What is being asked >>
Scan the records below and copy every line that contains the string "True".

___ Listed records ___

(* Let $\phi:A\to B$ be a surjective ring homomorphism. If $A$ is a Prüfer ring and $\mathrm{Ker}(\phi)$ is a regular ideal of $A$, then $\mathfrak a(\mathfrak b\cap\mathfrak c)=\mathfrak a\mathfrak b\cap\mathfrak a\mathfrak c$ for all ideals $\mathfrak a,\mathfrak b,\mathfrak c$ of $B$. In particular, $B$ is a Prüfer ring.
   Context: All rings are commutative with identity. An ideal is regular if it contains a non-zerodivisor. A ring is a Prüfer ring if every regular finitely generated ideal is invertible. *)

theory Defs
  imports Main
begin

definition is_ideal :: "'a::comm_ring_1 set \<Rightarrow> bool" where
  "is_ideal I \<longleftrightarrow> 0 \<in> I \<and> (\<forall>x\<in>I. \<forall>y\<in>I. x + y \<in> I) \<and> (\<forall>r. \<forall>x\<in>I. r * x \<in> I)"

definition ideal_gen :: "'a::comm_ring_1 set \<Rightarrow> 'a set" where
  "ideal_gen S = \<Inter>{K. is_ideal K \<and> S \<subseteq> K}"

definition ideal_mult :: "'a::comm_ring_1 set \<Rightarrow> 'a set \<Rightarrow> 'a set" where
  "ideal_mult I J = ideal_gen {a * b | a b. a \<in> I \<and> b \<in> J}"

definition nonzerodivisor :: "'a::comm_ring_1 \<Rightarrow> bool" where
  "nonzerodivisor x \<longleftrightarrow> (\<forall>y. x * y = 0 \<longrightarrow> y = 0)"

definition regular_ideal :: "'a::comm_ring_1 set \<Rightarrow> bool" where
  "regular_ideal I \<longleftrightarrow> is_ideal I \<and> (\<exists>x\<in>I. nonzerodivisor x)"

definition fin_gen_ideal :: "'a::comm_ring_1 set \<Rightarrow> bool" where
  "fin_gen_ideal I \<longleftrightarrow> (\<exists>S. finite S \<and> I = ideal_gen S)"

(* I is invertible: there is a fractional ideal J' (an A-submodule of the total
   quotient ring with d J' \<subseteq> A for some non-zerodivisor d) with I J' = A.
   Writing J = d J' (an ordinary ideal of A) this says exactly I J = d A. *)
definition invertible_ideal :: "'a::comm_ring_1 set \<Rightarrow> bool" where
  "invertible_ideal I \<longleftrightarrow> is_ideal I \<and>
     (\<exists>J d. is_ideal J \<and> nonzerodivisor d \<and> ideal_mult I J = {d * r | r. True})"

definition prufer_ring :: "'a::comm_ring_1 itself \<Rightarrow> bool" where
  "prufer_ring _ \<longleftrightarrow>
     (\<forall>I::'a set. regular_ideal I \<and> fin_gen_ideal I \<longrightarrow> invertible_ideal I)"

definition ring_hom_fun :: "('a::comm_ring_1 \<Rightarrow> 'b::comm_ring_1) \<Rightarrow> bool" where
  "ring_hom_fun f \<longleftrightarrow> f 1 = 1 \<and> (\<forall>x y. f (x + y) = f x + f y) \<and> (\<forall>x y. f (x * y) = f x * f y)"

end

theory Submission
  imports Defs
begin

text \<open>
  Let \<open>K = Ker \<phi>\<close> and let \<open>I, J, L\<close> be the preimages of \<open>\<aa>, \<bb>, \<cc>\<close>; all contain \<open>K\<close>, so they
  are regular. Two consequences of the Prufer property, both proved by multiplying with the
  inverse of a suitable finitely generated regular ideal and cancelling the non-zerodivisor,
  give \<open>IJ \<inter> (IL + K) \<subseteq> I(J \<inter> L) + K\<close>: first \<open>X \<inter> (Y + Z) \<subseteq> X \<inter> Y + X \<inter> Z\<close> for regular \<open>Z\<close>,
  then \<open>IJ \<inter> IL = I(J \<inter> L)\<close> for regular \<open>I\<close>. Applying \<open>\<phi>\<close> yields the distributive law in \<open>B\<close>.
  For a regular finitely generated ideal \<open>\<aa>\<close> of \<open>B\<close> containing the non-zerodivisor \<open>s\<close>, lift
  it to a regular finitely generated ideal \<open>I\<close> of \<open>A\<close> and \<open>s\<close> to \<open>s' \<in> I\<close>. Invertibility of \<open>I\<close>
  gives \<open>s' \<in> I (s'A : I)\<close>; its image \<open>s \<in> \<aa> (sB : \<aa>)\<close> says that \<open>\<aa>\<close> is invertible.
\<close>

abbreviation principal :: "'a::comm_ring_1 \<Rightarrow> 'a set" where
  "principal d \<equiv> {d * r | r. True}"

definition ideal_sum :: "'a::comm_ring_1 set \<Rightarrow> 'a set \<Rightarrow> 'a set" where
  "ideal_sum I J = {x + y | x y. x \<in> I \<and> y \<in> J}"

definition ideal_colon :: "'a::comm_ring_1 set \<Rightarrow> 'a set \<Rightarrow> 'a set" where
  "ideal_colon K I = {b. \<forall>q\<in>I. b * q \<in> K}"

lemma is_idealI:
  assumes "0 \<in> I" "\<And>x y. x \<in> I \<Longrightarrow> y \<in> I \<Longrightarrow> x + y \<in> I" "\<And>r x. x \<in> I \<Longrightarrow> r * x \<in> I"
  shows "is_ideal I"
  using assms unfolding is_ideal_def by blast

lemma ideal_closed_zero: "is_ideal I \<Longrightarrow> 0 \<in> I"
  unfolding is_ideal_def by blast

lemma ideal_closed_add: "is_ideal I \<Longrightarrow> x \<in> I \<Longrightarrow> y \<in> I \<Longrightarrow> x + y \<in> I"
  unfolding is_ideal_def by blast

lemma ideal_closed_mult_left: "is_ideal I \<Longrightarrow> x \<in> I \<Longrightarrow> r * x \<in> I"
  unfolding is_ideal_def by blast

lemma ideal_closed_mult_right: "is_ideal I \<Longrightarrow> x \<in> I \<Longrightarrow> x * r \<in> I"
  by (metis ideal_closed_mult_left mult.commute)

lemma is_ideal_inter: "is_ideal I \<Longrightarrow> is_ideal J \<Longrightarrow> is_ideal (I \<inter> J)"
  unfolding is_ideal_def by blast

lemma is_ideal_ideal_sum:
  assumes I: "is_ideal I" and J: "is_ideal J"
  shows "is_ideal (ideal_sum I J)"
proof (rule is_idealI)
  show "0 \<in> ideal_sum I J"
    unfolding ideal_sum_def using I J ideal_closed_zero by force
next
  fix x y assume "x \<in> ideal_sum I J" "y \<in> ideal_sum I J"
  then obtain x1 x2 y1 y2 where "x = x1 + x2" "y = y1 + y2" "x1 \<in> I" "x2 \<in> J" "y1 \<in> I" "y2 \<in> J"
    unfolding ideal_sum_def by blast
  then have "x + y = (x1 + y1) + (x2 + y2)" "x1 + y1 \<in> I" "x2 + y2 \<in> J"
    using I J ideal_closed_add by (auto simp: algebra_simps)
  then show "x + y \<in> ideal_sum I J"
    unfolding ideal_sum_def by blast
next
  fix r x assume "x \<in> ideal_sum I J"
  then obtain x1 x2 where "x = x1 + x2" "x1 \<in> I" "x2 \<in> J"
    unfolding ideal_sum_def by blast
  then have "r * x = r * x1 + r * x2" "r * x1 \<in> I" "r * x2 \<in> J"
    using I J by (simp_all add: distrib_left ideal_closed_mult_left)
  then show "r * x \<in> ideal_sum I J"
    unfolding ideal_sum_def by blast
qed

lemma ideal_sum_mono: "I \<subseteq> I' \<Longrightarrow> J \<subseteq> J' \<Longrightarrow> ideal_sum I J \<subseteq> ideal_sum I' J'"
  unfolding ideal_sum_def by blast

lemma ideal_sum_upper_left: "is_ideal J \<Longrightarrow> I \<subseteq> ideal_sum I J"
  unfolding ideal_sum_def by (force dest: ideal_closed_zero)

lemma ideal_sum_upper_right: "is_ideal I \<Longrightarrow> J \<subseteq> ideal_sum I J"
  unfolding ideal_sum_def by (force dest: ideal_closed_zero)

lemma is_ideal_principal: "is_ideal (principal d)"
proof (rule is_idealI)
  have "0 = d * 0" by simp
  then show "0 \<in> principal d" by blast
next
  fix x y assume "x \<in> principal d" "y \<in> principal d"
  then obtain r s where "x = d * r" "y = d * s" by blast
  then have "x + y = d * (r + s)" by (simp add: distrib_left)
  then show "x + y \<in> principal d" by blast
next
  fix r x assume "x \<in> principal d"
  then obtain s where "x = d * s" by blast
  then have "r * x = d * (r * s)" by (simp add: mult.left_commute)
  then show "r * x \<in> principal d" by blast
qed

lemma is_ideal_scaled:
  assumes K: "is_ideal K"
  shows "is_ideal ((*) d ` K)"
proof (rule is_idealI)
  have "0 = d * 0" by simp
  then show "0 \<in> (*) d ` K" using K ideal_closed_zero by blast
next
  fix x y assume "x \<in> (*) d ` K" "y \<in> (*) d ` K"
  then obtain a b where "x = d * a" "y = d * b" "a \<in> K" "b \<in> K" by blast
  then have "x + y = d * (a + b)" "a + b \<in> K" using K ideal_closed_add by (simp_all add: distrib_left)
  then show "x + y \<in> (*) d ` K" by blast
next
  fix r x assume "x \<in> (*) d ` K"
  then obtain a where "x = d * a" "a \<in> K" by blast
  then have "r * x = d * (r * a)" "r * a \<in> K"
    using K ideal_closed_mult_left by (simp_all add: mult.left_commute)
  then show "r * x \<in> (*) d ` K" by blast
qed

lemma is_ideal_vimage_mult:
  assumes K: "is_ideal K"
  shows "is_ideal ((\<lambda>z. z * x) -` K)"
  using K by (intro is_idealI)
    (simp_all add: distrib_right mult.assoc ideal_closed_zero ideal_closed_add ideal_closed_mult_left)

lemma is_ideal_ideal_colon:
  assumes K: "is_ideal K"
  shows "is_ideal (ideal_colon K I)"
  using K unfolding ideal_colon_def
  by (intro is_idealI)
    (simp_all add: distrib_right mult.assoc ideal_closed_zero ideal_closed_add ideal_closed_mult_left)

lemma is_ideal_ideal_gen: "is_ideal (ideal_gen S)"
  unfolding ideal_gen_def is_ideal_def by auto

lemma ideal_gen_subset: "S \<subseteq> ideal_gen S"
  unfolding ideal_gen_def by auto

lemma ideal_gen_least: "is_ideal K \<Longrightarrow> S \<subseteq> K \<Longrightarrow> ideal_gen S \<subseteq> K"
  unfolding ideal_gen_def by auto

___

Solution to this problem >>
     (\<exists>J d. is_ideal J \<and> nonzerodivisor d \<and> ideal_mult I J = {d * r | r. True})"
  "principal d \<equiv> {d * r | r. True}"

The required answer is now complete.